The file to write the output to. If not specified, the output is written to console.

--po-file , -po

The translated .po file. This is only used when the translate option is used.

--po-dir , -pod

The directory to place the .pot files. Using this option will re-create the directory structure existing in the --input and one .pot file for each. This is only used when the generate option is used. When using this option, do not the --po-file option.

--gfm-task-lists

Enable task lists as defined in Task list items (extension).

--gfm-tables

Enable tables as defined in Tables (extension).

--gfm-front-matter

Parse and scan YAML front-matter (if it exists).

--gfm-front-matter-exclude

Specify a key to be ignored, and hence its value is not extracted for translation. If you need to specify multiple keys, repeat this argument.

--ignore-image-alt

By default, image's alternative text is extracted. Use this option to ignore it.

--definition-lists

Enable parsing of definition lists See Definition lists for more info.

--custom-attributes

Enable custom attributes to be parsed. See Generic Attributes for more info.

--ignore-pattern

This allows you to ignore specific patterns from being extracted. For example, if you want to ignore HTML comments inside a Markdown file you can use: --ignore-pattern '<!--.*-->'.

--include-only-pattern

This allows to restrict to patterns matching this regex.

--parse-html

Enable HTML parsing. When enabled, if HTML blocks are found, the are parsed, and text strings are extracted for translation. If disabled, the resulting text string will include the HTML code.

--min-ratio N

Only write translated Markdown file if translation ratio is above. Value is integer from 0 to 100. This argument is only used when --action is set to translate.

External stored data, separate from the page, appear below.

(* Let $B=\sum_{i=1}^{k-1}B_iz^{-i-1}dz\in O_B$ and $\Xi=\Phi(B)\in\mathrm{Rep}_{\widehat{\mathsf{Q}}}(V)$. (i) For any $\Xi$-invariant subspace $W=(W_p)_{p\in J_0}$ of $V$ (i.e. $W_p\subset V_p$ and $\Xi_\alpha(W_{s(\alpha)})\subset W_{t(\alpha)}$ for all arrows $\alpha$ of $\widehat{\mathsf{Q}}$), the subspace $S=\bigoplus_pW_p\subset\mathbb{C}^n$ is invariant under all $B_i$. (ii) Any subspace $S\subset\mathbb{C}^n$ invariant under all $B_i$ satisfies $S=\bigoplus_{p\in J_0}(S\cap V_p)$, and $W=(S\cap V_p)_{p\in J_0}$ is a $\Xi$-invariant subspace of $V$.
   Context: Let $\mathfrak{g}=\mathfrak{gl}_n(\mathbb{C})$ with a Cartan subalgebra $\mathfrak{t}$, $k>1$, $T=\sum_{i=1}^{k-1}T_iz^{-i}$, $T_i\in\mathfrak{t}$, $T_{k-1}\ne0$, $dT=\sum_i(-iT_i)z^{-i-1}dz$. $B_k=\{\sum_{i=0}^{k-1}b_iz^i:b_0=1\}\subset\mathrm{GL}_n(\mathbb{C}[z]/(z^k))$; $\mathfrak{b}_k^*=\{\sum_{i=1}^{k-1}X_iz^{-i-1}dz\}$ via $\mathrm{res}_{z=0}\mathrm{tr}$, coadjoint action $\mathrm{Ad}^*_bB=$ part of $bBb^{-1}$ in degrees $z^{-i-1}dz$, $1\le i\le k-1$; $O_B$ is the $B_k$-orbit of $dT$. For $i=0,\dots,k-2$, $\mathbb{C}^n=\bigoplus_{p\in J_i}V^{(i)}_p$ is the decomposition into simultaneous eigenspaces of $(T_{i+1},\dots,T_{k-1})$, $\pi_i:J_0\to J_i$ natural maps; total orders on the $J_i$ with $\pi_{i+1}(p)<\pi_{i+1}(q)\Rightarrow p<q$. $\mathfrak{p}_i^+=\bigoplus_{p\ge q}\mathrm{Hom}(V^{(i)}_p,V^{(i)}_q)$, $\mathfrak{p}_i^-=\bigoplus_{p\le q}$, $\mathfrak{u}_i^\pm=\bigoplus_{p\gtrless q}$, with $\mathfrak{p}^\pm_{k-1}=\mathfrak{g}$, $\mathfrak{u}^\pm_{k-1}=0$. Each $b\in B_k$ factors uniquely $b=b_-b_+$ with $(b_-)_i\in\mathfrak{u}_i^-$, $(b_+)_i\in\mathfrak{p}_i^+$. For $B=\mathrm{Ad}^*_b(dT)$, $B'$ is the part of $b_-^{-1}B$ in degrees $z^{-i-1}dz$ ($1\le i\le k-1$), $Q=b_--1=\sum Q_iz^i$, $P=\sum P_iz^{-i-1}dz$ with $P_i$ the $\mathfrak{u}_i^+$-component of $B'_i$ along $\mathfrak{g}=\mathfrak{u}_i^+\oplus\mathfrak{p}_i^-$. Quiver $\mathsf{Q}$: vertices $J_0$, $V_p=V^{(0)}_p$, for $p<q$ arrows $\alpha_{qp;i}:p\to q$ for $i=1,\dots,m_{p,q}$, $m_{p,q}=\max\{i\in\{0,\dots,k-2\}:\pi_i(p)<\pi_i(q)\}$; $\widehat{\mathsf{Q}}$ its double. $\Phi(B)=\Xi$ where $\Xi_{\alpha_{qp;i}}$ is the $\mathrm{Hom}(V_p,V_q)$-block of $Q_i$ and $\Xi_{\bar\alpha_{qp;i}}$ the $\mathrm{Hom}(V_q,V_p)$-block of $P_i$. *)

theory Defs
  imports "HOL-Analysis.Analysis"
begin

(* Matrices in gl_n(C) are  complex^'n^'n  (n = CARD('n)); vectors of C^n are complex^'n.
   A truncated series  sum_i b_i z^i  (mod z^k) is a coefficient function  nat => matrix;
   an element  sum_i X_i z^(-i-1) dz  of b_k^* is a coefficient function X with X i = X_i
   (only 1 <= i <= k-1 are used). *)

type_synonym 'n cmat = "complex^'n^'n"

definition is_diag :: "'n::finite cmat \<Rightarrow> bool" where
  "is_diag A \<longleftrightarrow> (\<forall>a b. a \<noteq> b \<longrightarrow> A $ a $ b = 0)"

definition tmul :: "(nat \<Rightarrow> 'n::finite cmat) \<Rightarrow> (nat \<Rightarrow> 'n cmat) \<Rightarrow> nat \<Rightarrow> 'n cmat" where
  "tmul f g i = (\<Sum>j\<le>i. f j ** g (i - j))"

function tinv :: "(nat \<Rightarrow> 'n::finite cmat) \<Rightarrow> nat \<Rightarrow> 'n cmat" where
  "tinv f m = (if m = 0 then mat 1 else - (\<Sum>j\<in>{1..m}. f j ** tinv f (m - j)))"
  by auto
termination by (relation "Wellfounded.measure snd") auto

(* coadjoint action: coefficient of z^(-m-1) dz of  b X b^{-1} *)
definition coad :: "nat \<Rightarrow> (nat \<Rightarrow> 'n::finite cmat) \<Rightarrow> (nat \<Rightarrow> 'n cmat) \<Rightarrow> nat \<Rightarrow> 'n cmat" where
  "coad k b X m = (\<Sum>j<k. \<Sum>l<k. if m + j + l < k then b j ** X (m + j + l) ** tinv b l else 0)"

(* dT = sum_i (-i T_i) z^(-i-1) dz *)
definition dT :: "(nat \<Rightarrow> 'n::finite cmat) \<Rightarrow> nat \<Rightarrow> 'n cmat" where
  "dT T i = - scaleR (real i) (T i)"

(* label of basis index a in J_i : the simultaneous eigenvalues of (T_{i+1},...,T_{k-1}) *)
definition key :: "nat \<Rightarrow> (nat \<Rightarrow> 'n::finite cmat) \<Rightarrow> nat \<Rightarrow> 'n \<Rightarrow> complex list" where
  "key k T i a = map (\<lambda>l. T l $ a $ a) [Suc i..<k]"

definition J :: "nat \<Rightarrow> (nat \<Rightarrow> 'n::finite cmat) \<Rightarrow> nat \<Rightarrow> complex list set" where
  "J k T i = key k T i ` UNIV"

definition pi_J :: "nat \<Rightarrow> complex list \<Rightarrow> complex list" where
  "pi_J i p = drop i p"

(* strict order on J_i (given for i <= k-2; J_{k-1} is a single point) *)
definition ltJ :: "nat \<Rightarrow> (nat \<Rightarrow> (complex list \<times> complex list) set) \<Rightarrow> nat \<Rightarrow> complex list \<Rightarrow> complex list \<Rightarrow> bool" where
  "ltJ k ord i p q \<longleftrightarrow> i < k - 1 \<and> (p, q) \<in> ord i"

definition leJ :: "nat \<Rightarrow> (nat \<Rightarrow> (complex list \<times> complex list) set) \<Rightarrow> nat \<Rightarrow> complex list \<Rightarrow> complex list \<Rightarrow> bool" where
  "leJ k ord i p q \<longleftrightarrow> p = q \<or> ltJ k ord i p q"

definition Vsp :: "nat \<Rightarrow> (nat \<Rightarrow> 'n::finite cmat) \<Rightarrow> nat \<Rightarrow> complex list \<Rightarrow> (complex^'n) set" where
  "Vsp k T i p = {v. \<forall>a. key k T i a \<noteq> p \<longrightarrow> v $ a = 0}"

(* X $ a $ b is the component of X mapping e_b (in V_{key b}) to e_a (in V_{key a}) *)
definition p_plus where
  "p_plus k T ord i (X::'n::finite cmat) \<longleftrightarrow>
     (\<forall>a b. X $ a $ b \<noteq> 0 \<longrightarrow> leJ k ord i (key k T i a) (key k T i b))"
definition u_plus where
  "u_plus k T ord i (X::'n::finite cmat) \<longleftrightarrow>
     (\<forall>a b. X $ a $ b \<noteq> 0 \<longrightarrow> ltJ k ord i (key k T i a) (key k T i b))"
definition p_minus where
  "p_minus k T ord i (X::'n::finite cmat) \<longleftrightarrow>
     (\<forall>a b. X $ a $ b \<noteq> 0 \<longrightarrow> leJ k ord i (key k T i b) (key k T i a))"
definition u_minus where
  "u_minus k T ord i (X::'n::finite cmat) \<longleftrightarrow>
     (\<forall>a b. X $ a $ b \<noteq> 0 \<longrightarrow> ltJ k ord i (key k T i b) (key k T i a))"

(* u_i^+ component along g = u_i^+ (+) p_i^- *)
definition uplus_part :: "nat \<Rightarrow> (nat \<Rightarrow> 'n::finite cmat) \<Rightarrow> (nat \<Rightarrow> (complex list \<times> complex list) set)
    \<Rightarrow> nat \<Rightarrow> 'n cmat \<Rightarrow> 'n cmat" where
  "uplus_part k T ord i X =
     (\<chi> a b. if ltJ k ord i (key k T i a) (key k T i b) then X $ a $ b else 0)"

(* B' : part of b_-^{-1} B in degrees z^(-m-1) dz, 1 <= m <= k-1 *)
definition Bprime :: "nat \<Rightarrow> (nat \<Rightarrow> 'n::finite cmat) \<Rightarrow> (nat \<Rightarrow> 'n cmat) \<Rightarrow> nat \<Rightarrow> 'n cmat" where
  "Bprime k bm B m = (\<Sum>j<k. if m + j < k then tinv bm j ** B (m + j) else 0)"

definition Pmat where
  "Pmat k T ord bm B i = uplus_part k T ord i (Bprime k bm B i)"

definition Qmat :: "(nat \<Rightarrow> 'n::finite cmat) \<Rightarrow> nat \<Rightarrow> 'n cmat" where
  "Qmat bm i = (if i = 0 then 0 else bm i)"

definition mpq where
  "mpq k ord p q = Max {i. i \<le> k - 2 \<and> ltJ k ord i (pi_J i p) (pi_J i q)}"

(* arrows of the doubled quiver: Fwd p q i = alpha_{qp;i} : p -> q,  Bwd p q i = its reverse *)
datatype arrow = Fwd "complex list" "complex list" nat | Bwd "complex list" "complex list" nat

fun src :: "arrow \<Rightarrow> complex list" where
  "src (Fwd p q i) = p" | "src (Bwd p q i) = q"
fun tgt :: "arrow \<Rightarrow> complex list" where
  "tgt (Fwd p q i) = q" | "tgt (Bwd p q i) = p"

definition arrows :: "nat \<Rightarrow> (nat \<Rightarrow> 'n::finite cmat) \<Rightarrow> (nat \<Rightarrow> (complex list \<times> complex list) set) \<Rightarrow> arrow set" where
  "arrows k T ord =
     {Fwd p q i | p q i. p \<in> J k T 0 \<and> q \<in> J k T 0 \<and> ltJ k ord 0 p q \<and> 1 \<le> i \<and> i \<le> mpq k ord p q}
   \<union> {Bwd p q i | p q i. p \<in> J k T 0 \<and> q \<in> J k T 0 \<and> ltJ k ord 0 p q \<and> 1 \<le> i \<and> i \<le> mpq k ord p q}"

(* Hom(V_p, V_q)-block of X (for the decomposition into V_p = V^{(0)}_p), extended by 0 *)
definition block :: "nat \<Rightarrow> (nat \<Rightarrow> 'n::finite cmat) \<Rightarrow> 'n cmat \<Rightarrow> complex list \<Rightarrow> complex list \<Rightarrow> 'n cmat" where
  "block k T X p q = (\<chi> a b. if key k T 0 a = q \<and> key k T 0 b = p then X $ a $ b else 0)"

fun Xi :: "nat \<Rightarrow> (nat \<Rightarrow> 'n::finite cmat) \<Rightarrow> (nat \<Rightarrow> (complex list \<times> complex list) set)
    \<Rightarrow> (nat \<Rightarrow> 'n cmat) \<Rightarrow> (nat \<Rightarrow> 'n cmat) \<Rightarrow> arrow \<Rightarrow> 'n cmat" where
  "Xi k T ord bm B (Fwd p q i) = block k T (Qmat bm i) p q"
| "Xi k T ord bm B (Bwd p q i) = block k T (Pmat k T ord bm B i) q p"

definition Xi_invariant where
  "Xi_invariant k T ord bm B (W :: complex list \<Rightarrow> (complex^'n::finite) set) \<longleftrightarrow>
     (\<forall>p\<in>J k T 0. vec.subspace (W p) \<and> W p \<subseteq> Vsp k T 0 p)
   \<and> (\<forall>\<alpha>\<in>arrows k T ord. \<forall>w\<in>W (src \<alpha>). Xi k T ord bm B \<alpha> *v w \<in> W (tgt \<alpha>))"

definition invariant_under :: "(complex^'n::finite) set \<Rightarrow> 'n cmat \<Rightarrow> bool" where
  "invariant_under S A \<longleftrightarrow> (\<forall>v\<in>S. A *v v \<in> S)"

end

theory Submission
  imports Defs "HOL-Computational_Algebra.Formal_Power_Series"
begin

text \<open>Write \<open>b = b\<^sub>- b\<^sub>+\<close> and \<open>gamma = Ad\<^sup>*\<^sub>b\<^sub>+ dT\<close>, so that \<open>B = Ad\<^sup>*\<^sub>b\<^sub>- gamma\<close>; since
  \<open>b\<^sub>+ \<in> P\<^sup>+\<close>, \<open>gamma\<^sub>i - dT\<^sub>i\<close> lies in \<open>u\<^sub>i\<^sup>+\<close>.

  (ii) A subspace \<open>S\<close> invariant under all \<open>B\<^sub>i\<close> is, by descending induction on the level \<open>m\<close>,
  graded for the decomposition \<open>\<complex>\<^sup>n = \<Oplus>\<^sub>p V\<^sup>(\<^sup>m\<^sup>)\<^sub>p\<close> and invariant under the coadjoint action
  \<open>rho m\<close> of the level-\<open>m\<close> block-diagonal part of \<open>b\<^sub>-\<close> on that of \<open>gamma\<close>. The step from \<open>m\<close> to
  \<open>m - 1\<close>: \<open>dT\<^sub>m\<close> is a coefficient of \<open>rho m\<close>, and its eigenspaces refine the grading; \<open>rho m\<close> is the
  conjugate of the corresponding action at level \<open>m - 1\<close> by a series whose coefficients only connect
  blocks separated by \<open>T\<^sub>m\<close>, and these coefficients are recovered from their commutators with \<open>dT\<^sub>m\<close>.
  At level \<open>0\<close> this yields invariance under \<open>b\<^sub>-\<close> and, taking \<open>u\<^sup>+\<close>-parts, under \<open>P\<close>.

  (i) For a \<open>\<Xi>\<close>-invariant \<open>W\<close>, the graded subspace \<open>\<Oplus>\<^sub>p W\<^sub>p\<close> is invariant under \<open>b\<^sub>-\<close> and \<open>P\<close>;
  then \<open>gamma\<close> is recovered from the \<open>u\<^sup>+\<close>-parts of \<open>b\<^sub>-\<^sup>-\<^sup>1 B\<close> by descending induction on the degree.\<close>

section \<open>Matrices as a ring\<close>

text \<open>Square matrices under \<open>**\<close> do not form an instance of \<open>ring_1\<close>; this copy does, so that
  truncated series of matrices can be multiplied and inverted with generic ring lemmas.\<close>

typedef (overloaded) ('n::finite) mat_ring = "UNIV :: 'n cmat set"
  morphisms mat_of ring_of by auto

setup_lifting type_definition_mat_ring

instantiation mat_ring :: (finite) ring_1
begin
lift_definition zero_mat_ring :: "'a mat_ring" is "0" .
lift_definition one_mat_ring :: "'a mat_ring" is "mat 1" .
lift_definition plus_mat_ring :: "'a mat_ring \<Rightarrow> 'a mat_ring \<Rightarrow> 'a mat_ring" is "(+)" .
lift_definition minus_mat_ring :: "'a mat_ring \<Rightarrow> 'a mat_ring \<Rightarrow> 'a mat_ring" is "(-)" .
lift_definition uminus_mat_ring :: "'a mat_ring \<Rightarrow> 'a mat_ring" is "uminus" .
lift_definition times_mat_ring :: "'a mat_ring \<Rightarrow> 'a mat_ring \<Rightarrow> 'a mat_ring" is "(**)" .
instance
proof
  fix a b c :: "'a mat_ring"
  show "a * b * c = a * (b * c)" by transfer (simp add: matrix_mul_assoc)
  show "1 * a = a" by transfer simp
  show "a * 1 = a" by transfer simp
  show "(a + b) * c = a * c + b * c" by transfer (vector matrix_matrix_mult_def sum.distrib[symmetric] field_simps)
  show "a * (b + c) = a * b + a * c" by transfer (simp add: matrix_add_ldistrib)
  show "a + b + c = a + (b + c)" by transfer (simp add: add.assoc)
  show "a + b = b + a" by transfer (simp add: add.commute)
  show "0 + a = a" by transfer simp
  show "- a + a = 0" by transfer simp
  show "a - b = a + - b" by transfer simp
  show "(0::'a mat_ring) \<noteq> 1"
  proof transfer
    have "mat 1 $ undefined $ undefined \<noteq> (0 :: 'a cmat) $ undefined $ undefined"
      by (simp add: mat_def)
    then show "(0 :: 'a cmat) \<noteq> mat 1" by metis
  qed
qed
end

If you want to generate the translated Markdown only if all strings are translated you can use --min-ratio 100.

--markdown-translator-comment

Add extra comments to markdown strings only. Strings extracted from front-matter or HTML (when options enabled) do not get the comment added to the .pot entry. Only valid with generate-pot action. If the comment string starts with ., the comment is added as an extracted comment (see PO File format).

--locale , -l

A locale code. Examples: pt-BR, ja-JP

--update-image-relative-paths

Flag to enable updating relative paths to images to point to the original image. Only used when translate action is specified.

--update-links-relative-paths

Flag to enable updating relative paths to other files (not images) to point to the original file. Only used when translate action is specified.

--add-front-matter-source

Add '' to front-matter with the relative path to the source markdown file. Only relevant when the action is set to translate.

--update-front-matter-locale

If a 'locale' key exists in front-matter, update it to the locale being translated.

--add-front-matter-key KEY:VALUE

Add the specified KEY with value VALUE to the front-matter of translated markdown files. Usage of this option may override other options such as --add-front-matter-source and --update-front-matter-locale. If the original markdown does not have any front-matter, then this option won't have any effect.

--file-suffix STRING

Optional suffix to append to the output file names. This affects the files specified in --output, --po-file or --po-dir

--append-pot

Only used whe --action is set to generate-pot. If used, and output file exists, then the .pot file is updated.

--ignore-missing-po

Ignore missing .po file. This should be used with --keep-source-strings.

--keep-literals-together

When multiple literals (e.g. hyperlink, text, emphasis) are part of the same markdown block (i.e. paragraph) keep them as a single string. This results in a string containing markdown.

--keep-html-together TAG

When parsing HTML, if the HTML code contains only the tags specified by this flag, then the HTML is not broken into smaller chunks. This flag can be used multiple times to allow specifying multiple HTML tags. To use this you must also enable HTML parsing with --parse-html.

--unescape-entities ENTITY

Unescape/decode HTML entities. When using --unescape-entities &quot; then the HTML entity &quot; will be replaced by " during the translation process, i.e., when generating the output markdown file.

--trim-translations

Translations retrieved from PO files will be trimmed for whitespace.